▶ Assignment
Each entry, from beginning to end, is to be transcribed verbatim.

[Records from a collection]
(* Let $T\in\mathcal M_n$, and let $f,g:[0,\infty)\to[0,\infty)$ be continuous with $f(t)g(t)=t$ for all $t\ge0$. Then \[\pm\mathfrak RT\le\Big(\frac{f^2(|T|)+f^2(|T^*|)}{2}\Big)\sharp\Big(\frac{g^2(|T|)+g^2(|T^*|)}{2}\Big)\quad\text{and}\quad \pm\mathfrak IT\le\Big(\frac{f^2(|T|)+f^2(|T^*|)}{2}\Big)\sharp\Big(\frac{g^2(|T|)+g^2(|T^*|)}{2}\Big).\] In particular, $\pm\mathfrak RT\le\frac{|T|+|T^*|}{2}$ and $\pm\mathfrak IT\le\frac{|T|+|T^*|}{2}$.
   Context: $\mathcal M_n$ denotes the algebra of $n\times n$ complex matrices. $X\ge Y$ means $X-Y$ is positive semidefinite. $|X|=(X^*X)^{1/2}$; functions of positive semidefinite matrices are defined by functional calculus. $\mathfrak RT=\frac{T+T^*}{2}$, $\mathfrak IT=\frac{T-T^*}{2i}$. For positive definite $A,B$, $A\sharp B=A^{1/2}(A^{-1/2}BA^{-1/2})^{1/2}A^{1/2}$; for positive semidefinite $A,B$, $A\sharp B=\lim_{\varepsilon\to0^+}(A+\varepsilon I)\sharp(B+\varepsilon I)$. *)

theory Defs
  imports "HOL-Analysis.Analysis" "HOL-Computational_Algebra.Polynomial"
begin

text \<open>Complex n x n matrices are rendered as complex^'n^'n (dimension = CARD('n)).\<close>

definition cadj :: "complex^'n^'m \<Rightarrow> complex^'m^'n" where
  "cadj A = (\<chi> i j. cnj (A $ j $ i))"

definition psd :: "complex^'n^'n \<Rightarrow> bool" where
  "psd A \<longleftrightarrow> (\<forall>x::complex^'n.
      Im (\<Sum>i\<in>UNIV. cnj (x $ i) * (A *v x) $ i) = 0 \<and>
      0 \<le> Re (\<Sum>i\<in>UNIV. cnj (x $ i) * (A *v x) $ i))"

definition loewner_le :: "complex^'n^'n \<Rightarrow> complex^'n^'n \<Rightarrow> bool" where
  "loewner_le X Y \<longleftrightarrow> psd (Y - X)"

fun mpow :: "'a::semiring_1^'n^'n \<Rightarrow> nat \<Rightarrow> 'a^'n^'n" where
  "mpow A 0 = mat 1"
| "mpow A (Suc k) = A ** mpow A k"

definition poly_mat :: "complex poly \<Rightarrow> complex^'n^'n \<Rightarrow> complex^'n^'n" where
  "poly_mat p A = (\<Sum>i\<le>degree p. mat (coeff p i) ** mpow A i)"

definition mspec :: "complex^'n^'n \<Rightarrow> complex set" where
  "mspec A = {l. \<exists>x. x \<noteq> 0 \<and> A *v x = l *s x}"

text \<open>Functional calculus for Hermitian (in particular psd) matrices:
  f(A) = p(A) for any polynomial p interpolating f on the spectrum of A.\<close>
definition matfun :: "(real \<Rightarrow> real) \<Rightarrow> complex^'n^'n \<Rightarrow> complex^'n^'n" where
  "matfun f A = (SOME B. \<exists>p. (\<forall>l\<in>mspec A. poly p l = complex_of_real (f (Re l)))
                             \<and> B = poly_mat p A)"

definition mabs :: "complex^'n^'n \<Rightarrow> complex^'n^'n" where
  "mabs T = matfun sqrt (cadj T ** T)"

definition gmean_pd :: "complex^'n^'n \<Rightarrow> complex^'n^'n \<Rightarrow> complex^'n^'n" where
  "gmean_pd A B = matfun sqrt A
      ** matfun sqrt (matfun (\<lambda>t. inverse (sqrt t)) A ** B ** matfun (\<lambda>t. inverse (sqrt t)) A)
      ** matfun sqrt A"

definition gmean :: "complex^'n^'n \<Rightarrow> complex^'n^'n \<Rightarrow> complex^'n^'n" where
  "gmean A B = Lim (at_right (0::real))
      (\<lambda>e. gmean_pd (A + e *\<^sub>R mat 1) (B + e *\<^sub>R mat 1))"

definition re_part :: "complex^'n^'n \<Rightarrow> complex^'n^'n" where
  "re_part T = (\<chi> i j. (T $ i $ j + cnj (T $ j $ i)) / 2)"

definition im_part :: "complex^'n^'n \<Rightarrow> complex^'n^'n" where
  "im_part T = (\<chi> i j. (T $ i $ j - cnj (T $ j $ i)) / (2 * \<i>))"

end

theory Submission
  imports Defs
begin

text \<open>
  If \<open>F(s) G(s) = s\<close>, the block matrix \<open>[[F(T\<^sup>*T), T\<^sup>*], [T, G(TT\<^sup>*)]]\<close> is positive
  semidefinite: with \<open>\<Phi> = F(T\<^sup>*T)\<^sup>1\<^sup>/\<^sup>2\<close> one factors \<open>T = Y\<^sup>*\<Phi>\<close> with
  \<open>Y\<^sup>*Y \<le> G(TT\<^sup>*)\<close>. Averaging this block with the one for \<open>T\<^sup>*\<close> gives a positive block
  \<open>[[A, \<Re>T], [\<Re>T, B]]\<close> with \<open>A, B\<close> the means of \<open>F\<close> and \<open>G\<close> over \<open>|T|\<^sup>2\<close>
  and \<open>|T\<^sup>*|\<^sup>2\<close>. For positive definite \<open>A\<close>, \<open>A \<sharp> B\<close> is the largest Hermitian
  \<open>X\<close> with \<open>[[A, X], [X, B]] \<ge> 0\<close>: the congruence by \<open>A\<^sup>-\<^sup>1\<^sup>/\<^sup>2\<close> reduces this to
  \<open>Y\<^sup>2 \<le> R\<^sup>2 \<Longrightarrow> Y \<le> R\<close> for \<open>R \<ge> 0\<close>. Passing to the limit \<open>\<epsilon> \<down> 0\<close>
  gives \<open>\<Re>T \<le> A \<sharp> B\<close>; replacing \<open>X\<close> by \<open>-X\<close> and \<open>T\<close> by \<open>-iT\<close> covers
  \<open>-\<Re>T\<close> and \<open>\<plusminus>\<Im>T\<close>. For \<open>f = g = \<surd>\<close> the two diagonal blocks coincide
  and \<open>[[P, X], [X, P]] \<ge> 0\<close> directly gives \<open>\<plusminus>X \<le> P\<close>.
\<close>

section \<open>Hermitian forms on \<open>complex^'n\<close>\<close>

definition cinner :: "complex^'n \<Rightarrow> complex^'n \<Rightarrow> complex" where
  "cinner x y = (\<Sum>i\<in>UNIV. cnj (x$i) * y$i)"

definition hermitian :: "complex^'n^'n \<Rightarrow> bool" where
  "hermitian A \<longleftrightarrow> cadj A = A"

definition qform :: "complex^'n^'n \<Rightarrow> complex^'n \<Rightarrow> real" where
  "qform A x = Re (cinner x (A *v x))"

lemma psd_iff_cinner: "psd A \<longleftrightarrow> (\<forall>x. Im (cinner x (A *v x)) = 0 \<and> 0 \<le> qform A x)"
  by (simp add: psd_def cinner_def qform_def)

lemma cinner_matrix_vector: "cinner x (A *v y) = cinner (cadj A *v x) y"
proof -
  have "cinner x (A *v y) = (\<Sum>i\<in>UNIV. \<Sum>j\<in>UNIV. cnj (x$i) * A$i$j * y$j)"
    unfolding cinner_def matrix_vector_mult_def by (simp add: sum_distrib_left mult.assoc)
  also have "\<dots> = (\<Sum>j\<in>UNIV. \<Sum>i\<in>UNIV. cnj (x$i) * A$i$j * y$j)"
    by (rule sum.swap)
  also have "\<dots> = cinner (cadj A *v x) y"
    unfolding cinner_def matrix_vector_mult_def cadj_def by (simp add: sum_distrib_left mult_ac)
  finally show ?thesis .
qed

▶ Output for this task
(* Let $T\in\mathcal M_n$, and let $f,g:[0,\infty)\to[0,\infty)$ be continuous with $f(t)g(t)=t$ for all $t\ge0$. Then \[\pm\mathfrak RT\le\Big(\frac{f^2(|T|)+f^2(|T^*|)}{2}\Big)\sharp\Big(\frac{g^2(|T|)+g^2(|T^*|)}{2}\Big)\quad\text{and}\quad \pm\mathfrak IT\le\Big(\frac{f^2(|T|)+f^2(|T^*|)}{2}\Big)\sharp\Big(\frac{g^2(|T|)+g^2(|T^*|)}{2}\Big).\] In particular, $\pm\mathfrak RT\le\frac{|T|+|T^*|}{2}$ and $\pm\mathfrak IT\le\frac{|T|+|T^*|}{2}$.
   Context: $\mathcal M_n$ denotes the algebra of $n\times n$ complex matrices. $X\ge Y$ means $X-Y$ is positive semidefinite. $|X|=(X^*X)^{1/2}$; functions of positive semidefinite matrices are defined by functional calculus. $\mathfrak RT=\frac{T+T^*}{2}$, $\mathfrak IT=\frac{T-T^*}{2i}$. For positive definite $A,B$, $A\sharp B=A^{1/2}(A^{-1/2}BA^{-1/2})^{1/2}A^{1/2}$; for positive semidefinite $A,B$, $A\sharp B=\lim_{\varepsilon\to0^+}(A+\varepsilon I)\sharp(B+\varepsilon I)$. *)

theory Defs
  imports "HOL-Analysis.Analysis" "HOL-Computational_Algebra.Polynomial"
begin

text \<open>Complex n x n matrices are rendered as complex^'n^'n (dimension = CARD('n)).\<close>

definition cadj :: "complex^'n^'m \<Rightarrow> complex^'m^'n" where
  "cadj A = (\<chi> i j. cnj (A $ j $ i))"

definition psd :: "complex^'n^'n \<Rightarrow> bool" where
  "psd A \<longleftrightarrow> (\<forall>x::complex^'n.
      Im (\<Sum>i\<in>UNIV. cnj (x $ i) * (A *v x) $ i) = 0 \<and>
      0 \<le> Re (\<Sum>i\<in>UNIV. cnj (x $ i) * (A *v x) $ i))"

definition loewner_le :: "complex^'n^'n \<Rightarrow> complex^'n^'n \<Rightarrow> bool" where
  "loewner_le X Y \<longleftrightarrow> psd (Y - X)"

fun mpow :: "'a::semiring_1^'n^'n \<Rightarrow> nat \<Rightarrow> 'a^'n^'n" where
  "mpow A 0 = mat 1"
| "mpow A (Suc k) = A ** mpow A k"

definition poly_mat :: "complex poly \<Rightarrow> complex^'n^'n \<Rightarrow> complex^'n^'n" where
  "poly_mat p A = (\<Sum>i\<le>degree p. mat (coeff p i) ** mpow A i)"

definition mspec :: "complex^'n^'n \<Rightarrow> complex set" where
  "mspec A = {l. \<exists>x. x \<noteq> 0 \<and> A *v x = l *s x}"

text \<open>Functional calculus for Hermitian (in particular psd) matrices:
  f(A) = p(A) for any polynomial p interpolating f on the spectrum of A.\<close>
definition matfun :: "(real \<Rightarrow> real) \<Rightarrow> complex^'n^'n \<Rightarrow> complex^'n^'n" where
  "matfun f A = (SOME B. \<exists>p. (\<forall>l\<in>mspec A. poly p l = complex_of_real (f (Re l)))
                             \<and> B = poly_mat p A)"

definition mabs :: "complex^'n^'n \<Rightarrow> complex^'n^'n" where
  "mabs T = matfun sqrt (cadj T ** T)"

definition gmean_pd :: "complex^'n^'n \<Rightarrow> complex^'n^'n \<Rightarrow> complex^'n^'n" where
  "gmean_pd A B = matfun sqrt A
      ** matfun sqrt (matfun (\<lambda>t. inverse (sqrt t)) A ** B ** matfun (\<lambda>t. inverse (sqrt t)) A)
      ** matfun sqrt A"

definition gmean :: "complex^'n^'n \<Rightarrow> complex^'n^'n \<Rightarrow> complex^'n^'n" where
  "gmean A B = Lim (at_right (0::real))
      (\<lambda>e. gmean_pd (A + e *\<^sub>R mat 1) (B + e *\<^sub>R mat 1))"

definition re_part :: "complex^'n^'n \<Rightarrow> complex^'n^'n" where
  "re_part T = (\<chi> i j. (T $ i $ j + cnj (T $ j $ i)) / 2)"

definition im_part :: "complex^'n^'n \<Rightarrow> complex^'n^'n" where
  "im_part T = (\<chi> i j. (T $ i $ j - cnj (T $ j $ i)) / (2 * \<i>))"

end

theory Submission
  imports Defs
begin

text \<open>
  If \<open>F(s) G(s) = s\<close>, the block matrix \<open>[[F(T\<^sup>*T), T\<^sup>*], [T, G(TT\<^sup>*)]]\<close> is positive
  semidefinite: with \<open>\<Phi> = F(T\<^sup>*T)\<^sup>1\<^sup>/\<^sup>2\<close> one factors \<open>T = Y\<^sup>*\<Phi>\<close> with
  \<open>Y\<^sup>*Y \<le> G(TT\<^sup>*)\<close>. Averaging this block with the one for \<open>T\<^sup>*\<close> gives a positive block
  \<open>[[A, \<Re>T], [\<Re>T, B]]\<close> with \<open>A, B\<close> the means of \<open>F\<close> and \<open>G\<close> over \<open>|T|\<^sup>2\<close>
  and \<open>|T\<^sup>*|\<^sup>2\<close>. For positive definite \<open>A\<close>, \<open>A \<sharp> B\<close> is the largest Hermitian
  \<open>X\<close> with \<open>[[A, X], [X, B]] \<ge> 0\<close>: the congruence by \<open>A\<^sup>-\<^sup>1\<^sup>/\<^sup>2\<close> reduces this to
  \<open>Y\<^sup>2 \<le> R\<^sup>2 \<Longrightarrow> Y \<le> R\<close> for \<open>R \<ge> 0\<close>. Passing to the limit \<open>\<epsilon> \<down> 0\<close>
  gives \<open>\<Re>T \<le> A \<sharp> B\<close>; replacing \<open>X\<close> by \<open>-X\<close> and \<open>T\<close> by \<open>-iT\<close> covers
  \<open>-\<Re>T\<close> and \<open>\<plusminus>\<Im>T\<close>. For \<open>f = g = \<surd>\<close> the two diagonal blocks coincide
  and \<open>[[P, X], [X, P]] \<ge> 0\<close> directly gives \<open>\<plusminus>X \<le> P\<close>.
\<close>

section \<open>Hermitian forms on \<open>complex^'n\<close>\<close>

definition cinner :: "complex^'n \<Rightarrow> complex^'n \<Rightarrow> complex" where
  "cinner x y = (\<Sum>i\<in>UNIV. cnj (x$i) * y$i)"

definition hermitian :: "complex^'n^'n \<Rightarrow> bool" where
  "hermitian A \<longleftrightarrow> cadj A = A"

definition qform :: "complex^'n^'n \<Rightarrow> complex^'n \<Rightarrow> real" where
  "qform A x = Re (cinner x (A *v x))"

lemma psd_iff_cinner: "psd A \<longleftrightarrow> (\<forall>x. Im (cinner x (A *v x)) = 0 \<and> 0 \<le> qform A x)"
  by (simp add: psd_def cinner_def qform_def)

lemma cinner_matrix_vector: "cinner x (A *v y) = cinner (cadj A *v x) y"
proof -
  have "cinner x (A *v y) = (\<Sum>i\<in>UNIV. \<Sum>j\<in>UNIV. cnj (x$i) * A$i$j * y$j)"
    unfolding cinner_def matrix_vector_mult_def by (simp add: sum_distrib_left mult.assoc)
  also have "\<dots> = (\<Sum>j\<in>UNIV. \<Sum>i\<in>UNIV. cnj (x$i) * A$i$j * y$j)"
    by (rule sum.swap)
  also have "\<dots> = cinner (cadj A *v x) y"
    unfolding cinner_def matrix_vector_mult_def cadj_def by (simp add: sum_distrib_left mult_ac)
  finally show ?thesis .
qed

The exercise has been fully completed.